Some experts in judicial ethics say that, while justices should try to minimize recusals, they shouldn’t have to totally abstain from holding stocks. That’s in part because of the tax implications of a forced sale.
"This in-between view has not been disruptive, so I see no reason for change," said Stephen Gillers, a professor at New York University School of Law who has advised Breyer on ethics questions.
Others disagree, citing this week’s energy case as a prime example. Power generators are challenging a Federal Energy Regulatory Commission order that would give financial incentives to large electricity consumers to reduce use during peak hours.

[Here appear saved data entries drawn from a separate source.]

(* Let $\mathbf S$ be an SRRW in $\mathbb{R}^d$ with parameter $\alpha\in[0,1)$ and step distribution $\mu\ne\delta_{\mathbf 0}$. For $R>0$ let $\zeta_R:=\inf\{n\in\mathbb N:\|\mathbf S_n\|\ge R\}$. Then $\mathbb E\zeta_R<\infty$ for every $R>0$.
   Context: SRRW: $\mu$ a probability measure on $\mathbb{R}^d$, $\alpha\in[0,1]$; $(\xi_n)_{n\ge2}$ i.i.d. Bernoulli($\alpha$), $(U[n])_{n\ge1}$ independent with $U[n]$ uniform on $\{1,\dots,n\}$. Sample $\mathbf X_1\sim\mu$; for $n\ge1$, if $\xi_{n+1}=1$ set $\mathbf X_{n+1}=\mathbf X_{U[n]}$, else sample $\mathbf X_{n+1}\sim\mu$ independently. $\mathbf S_0=\mathbf 0$, $\mathbf S_n=\sum_{i\le n}\mathbf X_i$. *)

theory Defs
  imports "HOL-Probability.Probability"
begin

text \<open>Coordinate n of \<omega> is the triple
  (xi_n, U[n], Y_n): xi_n ~ Bernoulli(alpha), U[n] uniform on {1..n} (for n = 0 a dummy
  uniform on {1}, never used), Y_n ~ mu a fresh step; all coordinates independent.\<close>

definition srrw_space :: "real \<Rightarrow> 'a::euclidean_space measure \<Rightarrow> (nat \<Rightarrow> bool \<times> nat \<times> 'a) measure" where
  "srrw_space \<alpha> \<mu> = (\<Pi>\<^sub>M n\<in>UNIV. measure_pmf (bernoulli_pmf \<alpha>) \<Otimes>\<^sub>M
       (measure_pmf (pmf_of_set {1..max 1 n}) \<Otimes>\<^sub>M \<mu>))"

text \<open>srrw_path \<omega> n = [X_1, ..., X_n]. X_1 = Y_1; for n \<ge> 1,
  X_{n+1} = X_{U[n]} if xi_{n+1} = 1, else X_{n+1} = Y_{n+1}.\<close>

fun srrw_path :: "(nat \<Rightarrow> bool \<times> nat \<times> 'a) \<Rightarrow> nat \<Rightarrow> 'a list" where
  "srrw_path \<omega> 0 = []"
| "srrw_path \<omega> (Suc n) = srrw_path \<omega> n @
     [if 1 \<le> n \<and> fst (\<omega> (Suc n)) then srrw_path \<omega> n ! (fst (snd (\<omega> n)) - 1)
      else snd (snd (\<omega> (Suc n)))]"

definition srrw_S :: "(nat \<Rightarrow> bool \<times> nat \<times> 'a::euclidean_space) \<Rightarrow> nat \<Rightarrow> 'a" where
  "srrw_S \<omega> n = sum_list (srrw_path \<omega> n)"

definition srrw_exit_time :: "real \<Rightarrow> (nat \<Rightarrow> bool \<times> nat \<times> 'a::euclidean_space) \<Rightarrow> ennreal" where
  "srrw_exit_time R \<omega> =
     (if \<exists>n. norm (srrw_S \<omega> n) \<ge> R then of_nat (LEAST n. norm (srrw_S \<omega> n) \<ge> R) else \<infinity>)"

end

theory Submission
  imports Defs
begin

(* Since \<mu> is not the point mass at 0, some c with norm c \<le> 1 and some \<epsilon> > 0 satisfy
   \<mu>{y. y \<bullet> c > \<epsilon>} > 0.  Hence every step is, independently of all others and with
   probability q = (1 - \<alpha>) \<mu>{y. y \<bullet> c > \<epsilon>} > 0, a fresh step raising S \<bullet> c by more than \<epsilon>.
   A run of K such steps with K \<epsilon> > 2 R makes norm S \<ge> R at its start or at its end.
   Cutting time into blocks of length K, the blocks consisting only of such steps occur
   independently with probability q^K, so \<zeta>_R is at most K times a geometric waiting time
   and E \<zeta>_R \<le> K / q^K. *)

lemma (in prob_space) eq_return_if_AE_eq:
  assumes sets_eq: "sets M = sets N" and ae: "AE x in M. x = a"
  shows "M = return N a"
proof (rule measure_eqI)
  show "sets M = sets (return N a)"
    using sets_eq by simp
next
  fix A assume A: "A \<in> sets M"
  show "emeasure M A = emeasure (return N a) A"
  proof (cases "a \<in> A")
    case True
    then have "emeasure M A = 1"
      using A ae by (intro emeasure_eq_1_AE) auto
    then show ?thesis
      using True A sets_eq by simp
  next
    case False
    have "AE x in M. x \<notin> A"
      using ae False by auto
    then have "emeasure M A = 0"
      using A sets.sets_into_space[OF A] by (subst AE_iff_measurable[symmetric]) auto
    then show ?thesis
      using False A sets_eq by simp
  qed
qed

lemma exists_direction_with_positive_mass:
  fixes \<mu> :: "'a::euclidean_space measure"
  assumes "prob_space \<mu>" and sets_\<mu>: "sets \<mu> = sets borel" and "\<mu> \<noteq> return borel 0"
  shows "\<exists>c \<epsilon>. norm c \<le> 1 \<and> 0 < \<epsilon> \<and> 0 < measure \<mu> {y. \<epsilon> < y \<bullet> c}"
proof (rule ccontr)
  interpret prob_space \<mu> by fact
  assume no_direction: "\<not> ?thesis"
  have null: "{y. \<epsilon> < y \<bullet> c} \<in> null_sets \<mu>" if "norm c \<le> 1" "0 < \<epsilon>" for c \<epsilon>
  proof -
    have "\<not> 0 < measure \<mu> {y. \<epsilon> < y \<bullet> c}"
      using that no_direction by blast
    then have "measure \<mu> {y. \<epsilon> < y \<bullet> c} = 0"
      using measure_nonneg[of \<mu> "{y. \<epsilon> < y \<bullet> c}"] by linarith
    then show ?thesis
      by (simp add: null_sets_def emeasure_eq_measure sets_\<mu>)
  qed
  define D where "D = ((Basis :: 'a set) \<union> uminus ` Basis) \<times> (UNIV :: nat set)"
  define half where "half = (\<lambda>(c, n). {y::'a. inverse (real (Suc n)) < y \<bullet> c})"
  have cover: "{y. y \<noteq> 0} \<subseteq> \<Union>(half ` D)"
  proof
    fix y :: 'a assume "y \<in> {y. y \<noteq> 0}"
    then obtain b where b: "b \<in> Basis" "y \<bullet> b \<noteq> 0"
      using euclidean_all_zero_iff by auto
    then obtain n where n: "inverse (real (Suc n)) < \<bar>y \<bullet> b\<bar>"
      using reals_Archimedean by (metis zero_less_abs_iff)
    have "\<bar>y \<bullet> b\<bar> = y \<bullet> (sgn (y \<bullet> b) *\<^sub>R b)"
      by (simp add: abs_if sgn_if)
    moreover have "(sgn (y \<bullet> b) *\<^sub>R b, n) \<in> D"
      using b unfolding D_def by (cases "0 < y \<bullet> b") auto
    ultimately have "y \<in> half (sgn (y \<bullet> b) *\<^sub>R b, n)"
      using n unfolding half_def by simp
    then show "y \<in> \<Union>(half ` D)"
      using \<open>(sgn (y \<bullet> b) *\<^sub>R b, n) \<in> D\<close> by blast
  qed
  have "countable D"
    unfolding D_def by (intro countable_SIGMA) (simp_all add: countable_finite)
  moreover have "half d \<in> null_sets \<mu>" if "d \<in> D" for d
    using that unfolding D_def half_def by (auto intro!: null simp: norm_Basis)
  ultimately have "\<Union>(half ` D) \<in> null_sets \<mu>"
    by (rule null_sets_UN')
  with cover have "AE y in \<mu>. y = 0"
    by (intro AE_I') auto
  then have "\<mu> = return borel 0"
    by (rule eq_return_if_AE_eq[OF sets_\<mu>])
  with assms(3) show False ..
qed

lemma suminf_prod_failures:
  "(\<Sum>j. \<Prod>i<j. if P i then 0 else 1 :: ennreal) = (if \<exists>i. P i then of_nat (Suc (LEAST i. P i)) else \<infinity>)"
proof (cases "\<exists>i. P i")
  case True
  define J where "J = (LEAST i. P i)"
  have "P J"
    unfolding J_def using True by (rule LeastI_ex)
  have not_P: "\<not> P i" if "i < J" for i
    using that unfolding J_def by (rule not_less_Least)
  have "(\<Prod>i<j. if P i then 0 else 1 :: ennreal) = (if j \<le> J then 1 else 0)" for j
  proof (cases "j \<le> J")
    case True
    with not_P show ?thesis by (intro trans[OF prod.neutral]) auto
  next
    case False
    with \<open>P J\<close> show ?thesis by (intro trans[OF prod_zero]) force+
  qed
  then have "(\<Sum>j. \<Prod>i<j. if P i then 0 else 1 :: ennreal) = (\<Sum>j. if j \<le> J then 1 else 0)"
    by simp
  also have "\<dots> = (\<Sum>j\<le>J. 1)"
    by (subst suminf_finite[of "{..J}"]) auto
  finally show ?thesis
    using True by (simp add: J_def)
next
  case False
  have "(\<Sum>j. ennreal ((\<lambda>_. 1) j)) = top"
    by (rule summable_iff_suminf_neq_top) (auto simp: summable_const_iff)
  with False show ?thesis
    by simp
qed

lemma (in prob_space) nn_integral_suminf_prod_indep_le:
  fixes F :: "nat \<Rightarrow> 'a \<Rightarrow> ennreal"
  assumes indep: "indep_vars (\<lambda>_. borel) F UNIV"
    and le: "\<And>i. (\<integral>\<^sup>+\<omega>. F i \<omega> \<partial>M) \<le> ennreal r" and "0 \<le> r" "r < 1"
  shows "(\<integral>\<^sup>+\<omega>. (\<Sum>j. \<Prod>i<j. F i \<omega>) \<partial>M) \<le> ennreal (1 / (1 - r))"
proof -
  have [measurable]: "F i \<in> borel_measurable M" for i
    using indep by (auto simp: indep_vars_def)
  have "(\<integral>\<^sup>+\<omega>. (\<Sum>j. \<Prod>i<j. F i \<omega>) \<partial>M) =
      (\<Sum>j. \<integral>\<^sup>+\<omega>. (\<Prod>i<j. F i \<omega>) \<partial>M)"
    by (rule nn_integral_suminf) measurable
  also have "\<dots> = (\<Sum>j. \<Prod>i<j. \<integral>\<^sup>+\<omega>. F i \<omega> \<partial>M)"
    by (intro suminf_cong indep_vars_nn_integral) (auto intro: indep_vars_subset[OF indep])
  also have "\<dots> \<le> (\<Sum>j. \<Prod>i<j. ennreal r)"
    using le by (intro suminf_le prod_mono_ennreal) auto
  also have "\<dots> = (\<Sum>j. ennreal (r ^ j))"
    using \<open>0 \<le> r\<close> by (simp add: ennreal_power)
  also have "\<dots> = ennreal (1 / (1 - r))"
    using assms by (simp add: suminf_ennreal2 summable_geometric suminf_geometric)
  finally show ?thesis .
qed

lemma (in product_prob_space) indep_vars_coordinates: "P.indep_vars M (\<lambda>i \<omega>. \<omega> i) I"
proof (cases "I = {}")
  case True
  then show ?thesis
    unfolding P.indep_vars_def P.indep_sets_def by simp
next
  case False
  have "distr (PiM I M) (PiM I M) (\<lambda>\<omega>. \<lambda>i\<in>I. \<omega> i) =
      distr (PiM I M) (PiM I M) (\<lambda>\<omega>. \<omega>)"
    by (intro distr_cong) (auto simp: space_PiM)
  also have "\<dots> = PiM I (\<lambda>i. distr (PiM I M) (M i) (\<lambda>\<omega>. \<omega> i))"
    by (simp add: PiM_component cong: PiM_cong)
  finally show ?thesis
    using False by (subst P.indep_vars_iff_distr_eq_PiM') auto
qed

lemma (in product_prob_space) indep_vars_block_failures:
  assumes "disjoint_family J" and "\<And>i. J i \<subseteq> I" and "\<And>i. finite (J i)"
    and "\<And>m. m \<in> I \<Longrightarrow> G m \<in> sets (M m)"
  shows "P.indep_vars (\<lambda>_. borel) (\<lambda>i \<omega>. if \<forall>m\<in>J i. \<omega> m \<in> G m then 0 else 1 :: ennreal) UNIV"
proof -
  have "P.indep_vars (\<lambda>i. PiM (J i) M) (\<lambda>i \<omega>. restrict (\<lambda>m. \<omega> m) (J i)) UNIV"
    using assms(1,2) by (intro P.indep_vars_restrict[OF indep_vars_coordinates]) auto
  moreover have
    "(\<lambda>x. if \<forall>m\<in>J i. x m \<in> G m then 0 else 1 :: ennreal) \<in> borel_measurable (PiM (J i) M)" for i
    using assms(2-4) by measurable (use assms(2) in \<open>auto intro: measurable_component_singleton\<close>)
  ultimately have "P.indep_vars (\<lambda>_. borel)
      (\<lambda>i \<omega>. if \<forall>m\<in>J i. restrict (\<lambda>m. \<omega> m) (J i) m \<in> G m then 0 else 1 :: ennreal) UNIV"
    by (rule P.indep_vars_compose2)
  then show ?thesis
    by simp
qed
lemma block_carrier_mat [simp]:
  "upper_left_block k U \<in> carrier_mat k k"
  "lower_right_block m U \<in> carrier_mat m m"
  "lower_left_block m k Y \<in> carrier_mat m k"
  by (simp_all add: upper_left_block_def lower_right_block_def lower_left_block_def)

lemma upper_left_block_unitriangular_upper:
  assumes "U \<in> unitriangular_upper n" and "k \<le> n"
  shows "upper_left_block k U \<in> unitriangular_upper k"
  using assms unfolding unitriangular_upper_def upper_left_block_def by auto

lemma lower_right_block_unitriangular_upper:
  assumes "U \<in> unitriangular_upper n" and "m \<le> n"
  shows "lower_right_block m U \<in> unitriangular_upper m"
  using assms unfolding unitriangular_upper_def lower_right_block_def by auto

lemma lower_left_block_mult_upper_triangular_right:
  fixes Y U :: "'a::semiring_0 mat"
  assumes Y: "Y \<in> carrier_mat nr n" and U: "U \<in> carrier_mat n n" "upper_triangular U"
    and "m \<le> nr" and "k \<le> n"
  shows "lower_left_block m k (Y * U) = lower_left_block m k Y * upper_left_block k U"
proof (rule eq_matI)
  fix r c assume "r < dim_row (lower_left_block m k Y * upper_left_block k U)"
    and "c < dim_col (lower_left_block m k Y * upper_left_block k U)"
  then have r: "r < m" and c: "c < k"
    by (simp_all add: lower_left_block_def upper_left_block_def)
  have "(\<Sum>t\<in>{0..<n}. Y $$ (nr - m + r, t) * U $$ (t, c))
      = (\<Sum>t\<in>{0..<k}. Y $$ (nr - m + r, t) * U $$ (t, c))"
    using U c \<open>k \<le> n\<close> by (intro sum.mono_neutral_right) (auto simp: upper_triangular_def)
  then show "lower_left_block m k (Y * U) $$ (r, c)
      = (lower_left_block m k Y * upper_left_block k U) $$ (r, c)"
    using Y U r c \<open>m \<le> nr\<close> \<open>k \<le> n\<close>
    by (simp add: lower_left_block_def upper_left_block_def scalar_prod_def)
qed (simp_all add: lower_left_block_def upper_left_block_def)

lemma lower_left_block_mult_upper_triangular_left:
  fixes Z U :: "'a::semiring_0 mat"
  assumes Z: "Z \<in> carrier_mat n nc" and U: "U \<in> carrier_mat n n" "upper_triangular U"
    and "m \<le> n" and "k \<le> nc"
  shows "lower_left_block m k (U * Z) = lower_right_block m U * lower_left_block m k Z"
proof (rule eq_matI)
  fix r c assume "r < dim_row (lower_right_block m U * lower_left_block m k Z)"
    and "c < dim_col (lower_right_block m U * lower_left_block m k Z)"
  then have r: "r < m" and c: "c < k"
    by (simp_all add: lower_left_block_def lower_right_block_def)
  define f where "f t = U $$ (n - m + r, t) * Z $$ (t, c)" for t
  have "(\<Sum>t\<in>{0..<n}. f t) = (\<Sum>t\<in>{0 + (n - m)..<m + (n - m)}. f t)"
    using U r \<open>m \<le> n\<close> by (intro sum.mono_neutral_right) (auto simp: upper_triangular_def f_def)
  also have "\<dots> = (\<Sum>s\<in>{0..<m}. f (s + (n - m)))"
    by (rule sum.shift_bounds_nat_ivl)
  finally show "lower_left_block m k (U * Z) $$ (r, c)
      = (lower_right_block m U * lower_left_block m k Z) $$ (r, c)"
    using Z U r c \<open>m \<le> n\<close> \<open>k \<le> nc\<close>
    by (simp add: lower_left_block_def lower_right_block_def scalar_prod_def f_def add.commute)
qed (simp_all add: lower_left_block_def lower_right_block_def)

lemma append_rows_mult_right:
  fixes A B W :: "'a::semiring_0 mat"
  assumes "A \<in> carrier_mat nr1 n" and "B \<in> carrier_mat nr2 n" and "W \<in> carrier_mat n nc"
  shows "(A * W) @\<^sub>r (B * W) = (A @\<^sub>r B) * W"
  using assms by (intro eq_matI) (auto simp: append_rows_def scalar_prod_def)

lemma append_rows_mult_block_diagonal:
  fixes A B D E :: "'a::semiring_0 mat"
  assumes A: "A \<in> carrier_mat a nc" and B: "B \<in> carrier_mat b nc"
    and D: "D \<in> carrier_mat a a" and E: "E \<in> carrier_mat b b"
  shows "(D * A) @\<^sub>r (E * B) = four_block_mat D (0\<^sub>m a b) (0\<^sub>m b a) E * (A @\<^sub>r B)"
  unfolding append_rows_def
  using mult_four_block_mat[OF D zero_carrier_mat zero_carrier_mat E A zero_carrier_mat B
      zero_carrier_mat] A B D E
  by simp

lemma append_rows_lower_left_blocks_intertwined:
  fixes U :: "'a::semiring_0 mat"
  assumes U: "U \<in> carrier_mat n n" "upper_triangular U"
    and Y1: "Y1 \<in> carrier_mat n n" and Y2: "Y2 \<in> carrier_mat n n"
    and A1: "A1 \<in> carrier_mat n n" and A2: "A2 \<in> carrier_mat n n"
    and intertwine1: "U * Y1 = A1 * U" and intertwine2: "U * Y2 = A2 * U"
    and k: "a + b = k" "k \<le> n"
  shows "four_block_mat (lower_right_block a U) (0\<^sub>m a b) (0\<^sub>m b a) (lower_right_block b U)
        * (lower_left_block a k Y1 @\<^sub>r lower_left_block b k Y2)
      = (lower_left_block a k A1 @\<^sub>r lower_left_block b k A2) * upper_left_block k U"
proof -
  have "four_block_mat (lower_right_block a U) (0\<^sub>m a b) (0\<^sub>m b a) (lower_right_block b U)
        * (lower_left_block a k Y1 @\<^sub>r lower_left_block b k Y2)
      = (lower_right_block a U * lower_left_block a k Y1)
        @\<^sub>r (lower_right_block b U * lower_left_block b k Y2)"
    by (rule append_rows_mult_block_diagonal[symmetric]) (rule block_carrier_mat)+
  also have "\<dots> = lower_left_block a k (A1 * U) @\<^sub>r lower_left_block b k (A2 * U)"
    using lower_left_block_mult_upper_triangular_left[OF _ U] Y1 Y2 k
    by (simp flip: intertwine1 intertwine2)
  also have "\<dots> = (lower_left_block a k A1 * upper_left_block k U)
      @\<^sub>r (lower_left_block b k A2 * upper_left_block k U)"
    using lower_left_block_mult_upper_triangular_right[OF _ U] A1 A2 k by simp
  also have "\<dots> = (lower_left_block a k A1 @\<^sub>r lower_left_block b k A2) * upper_left_block k U"
    by (rule append_rows_mult_right) (rule block_carrier_mat)+
  finally show ?thesis .
qed

lemma det_append_rows_lower_left_blocks_eq:
  fixes U :: "'a::field mat"
  assumes U: "U \<in> unitriangular_upper n"
    and "Y1 \<in> carrier_mat n n" and "Y2 \<in> carrier_mat n n"
    and "A1 \<in> carrier_mat n n" and "A2 \<in> carrier_mat n n"
    and "U * Y1 = A1 * U" and "U * Y2 = A2 * U"
    and k: "a + b = k" "k \<le> n"
  shows "det (lower_left_block a k Y1 @\<^sub>r lower_left_block b k Y2)
       = det (lower_left_block a k A1 @\<^sub>r lower_left_block b k A2)"
proof -
  define D where "D = four_block_mat (lower_right_block a U) (0\<^sub>m a b) (0\<^sub>m b a) (lower_right_block b U)"
  define W where "W = upper_left_block k U"
  have "U \<in> carrier_mat n n" and "upper_triangular U"
    using U unfolding unitriangular_upper_def upper_triangular_def by auto
  then have DW: "D * (lower_left_block a k Y1 @\<^sub>r lower_left_block b k Y2)
      = (lower_left_block a k A1 @\<^sub>r lower_left_block b k A2) * W"
    unfolding D_def W_def using assms by (intro append_rows_lower_left_blocks_intertwined)
  have "det D = det (lower_right_block a U) * det (lower_right_block b U)"
    unfolding D_def
    by (rule det_four_block_mat_upper_right_zero) (auto simp: lower_right_block_def)
  also have "\<dots> = 1"
    using det_unitriangular_upper[OF lower_right_block_unitriangular_upper[OF U]] k by simp
  finally have "det D = 1" .
  moreover have "det W = 1"
    unfolding W_def using det_unitriangular_upper[OF upper_left_block_unitriangular_upper[OF U]] k
    by simp
  moreover have "lower_left_block a k Y1 @\<^sub>r lower_left_block b k Y2 \<in> carrier_mat k k"
    and "lower_left_block a k A1 @\<^sub>r lower_left_block b k A2 \<in> carrier_mat k k"
    and "D \<in> carrier_mat k k" and "W \<in> carrier_mat k k"
    using k by (auto simp: D_def W_def)
  ultimately show ?thesis
    using DW det_mult[of D k "lower_left_block a k Y1 @\<^sub>r lower_left_block b k Y2"]
      det_mult[of "lower_left_block a k A1 @\<^sub>r lower_left_block b k A2" k W]
    by simp
qed

lemma adj_mat_conjugate_of_det_nonzero:
  fixes P Q A :: "'a::idom mat"
  assumes P: "P \<in> carrier_mat n n" and Q: "Q \<in> carrier_mat n n" and A: "A \<in> carrier_mat n n"
    and PQ: "P * Q = 1\<^sub>m n" and QP: "Q * P = 1\<^sub>m n" and "det A \<noteq> 0"
  shows "adj_mat (P * A * Q) = P * adj_mat A * Q"
proof -
  define Y where "Y = P * A * Q"
  define Z where "Z = P * adj_mat A * Q"
  have adjA: "adj_mat A \<in> carrier_mat n n" using adj_mat(1)[OF A] .
  have Y: "Y \<in> carrier_mat n n" and Z: "Z \<in> carrier_mat n n"
    unfolding Y_def Z_def using P A Q adjA by auto
  have adjY: "adj_mat Y \<in> carrier_mat n n" using adj_mat(1)[OF Y] .
  have "det Y = det A"
    unfolding Y_def using P A Q det_mult[OF P Q] PQ by (simp add: det_mult)
  then have "adj_mat Y * Y * Z = det A \<cdot>\<^sub>m Z"
    using adj_mat(3)[OF Y] Z by (simp add: mult_smult_assoc_mat[OF one_carrier_mat Z])
  moreover have "Y * Z = det A \<cdot>\<^sub>m 1\<^sub>m n"
  proof -
    have "Y * Z = P * (A * (Q * P) * adj_mat A) * Q"
      unfolding Y_def Z_def using P A Q adjA by (simp add: assoc_mult_mat[of _ n n _ n _ n])
    also have "\<dots> = det A \<cdot>\<^sub>m (P * Q)"
      using P Q A QP
      by (simp add: adj_mat(2)[OF A] mult_smult_distrib[OF P one_carrier_mat] mult_smult_assoc_mat[OF P Q])
    finally show ?thesis using PQ by simp
  qed
  then have "adj_mat Y * Y * Z = det A \<cdot>\<^sub>m adj_mat Y"
    using adjY Y Z
    by (simp add: assoc_mult_mat[of _ n n _ n _ n] mult_smult_distrib[OF adjY one_carrier_mat])
  ultimately have "det A \<cdot>\<^sub>m Z = det A \<cdot>\<^sub>m adj_mat Y" by simp
  have "Z = adj_mat Y"
  proof (rule eq_matI)
    fix i j assume "i < dim_row (adj_mat Y)" "j < dim_col (adj_mat Y)"
    moreover have "(det A \<cdot>\<^sub>m Z) $$ (i, j) = (det A \<cdot>\<^sub>m adj_mat Y) $$ (i, j)"
      using \<open>det A \<cdot>\<^sub>m Z = det A \<cdot>\<^sub>m adj_mat Y\<close> by simp
    ultimately show "Z $$ (i, j) = adj_mat Y $$ (i, j)"
      using Z adjY \<open>det A \<noteq> 0\<close> by simp
  qed (use Z adjY in auto)
  then show ?thesis unfolding Y_def Z_def by simp
qed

Johnson Controls’ EnergyConnect unit, which helps those customers cut usage, would benefit from the rule and is helping to make the case in its favor.
A federal appeals court ruled on a 2-1 vote that FERC was overstepping its authority. Should the Supreme Court divide 4-4 -- something Wednesday’s argument suggested was at least a possibility -- the appeals court ruling stands to become the final word.
"You could have a result where the agency can’t put out a rule because the court of appeals said they couldn’t promulgate the rule, and four justices of the Supreme Court said they can’t," said Richard Painter, a University of Minnesota law professor who served as President George W. Bush’s chief ethics lawyer and advised on the nominations of Roberts and Alito.
"That has major implications for the public interest," Painter said. "We really would be much better off if Justice Alito were in the case."
As for Breyer, Supreme Court Clerk Scott Harris said in the letter that "the ordinary conflict-check conducted in Justice Breyer’s chambers inadvertently failed to find this potential conflict."
Johnson Controls itself isn’t a party to the case. Its ownership of EnergyConnect was noted in one of the two petitions the court accepted for review in January.
Supreme Court spokeswoman Kathy Arberg said Breyer learned of the possible conflict when a Bloomberg reporter asked about the stock ownership Thursday.
Harris’s letter pointed to the code of conduct that federal judges follow, citing a provision that lets jurists take part in a case after they have divested their financial interest.
Harris wrote that Breyer "has devoted substantial judicial time to this case" and "has no reason to believe that the financial interest could be substantially affected by the outcome of this case."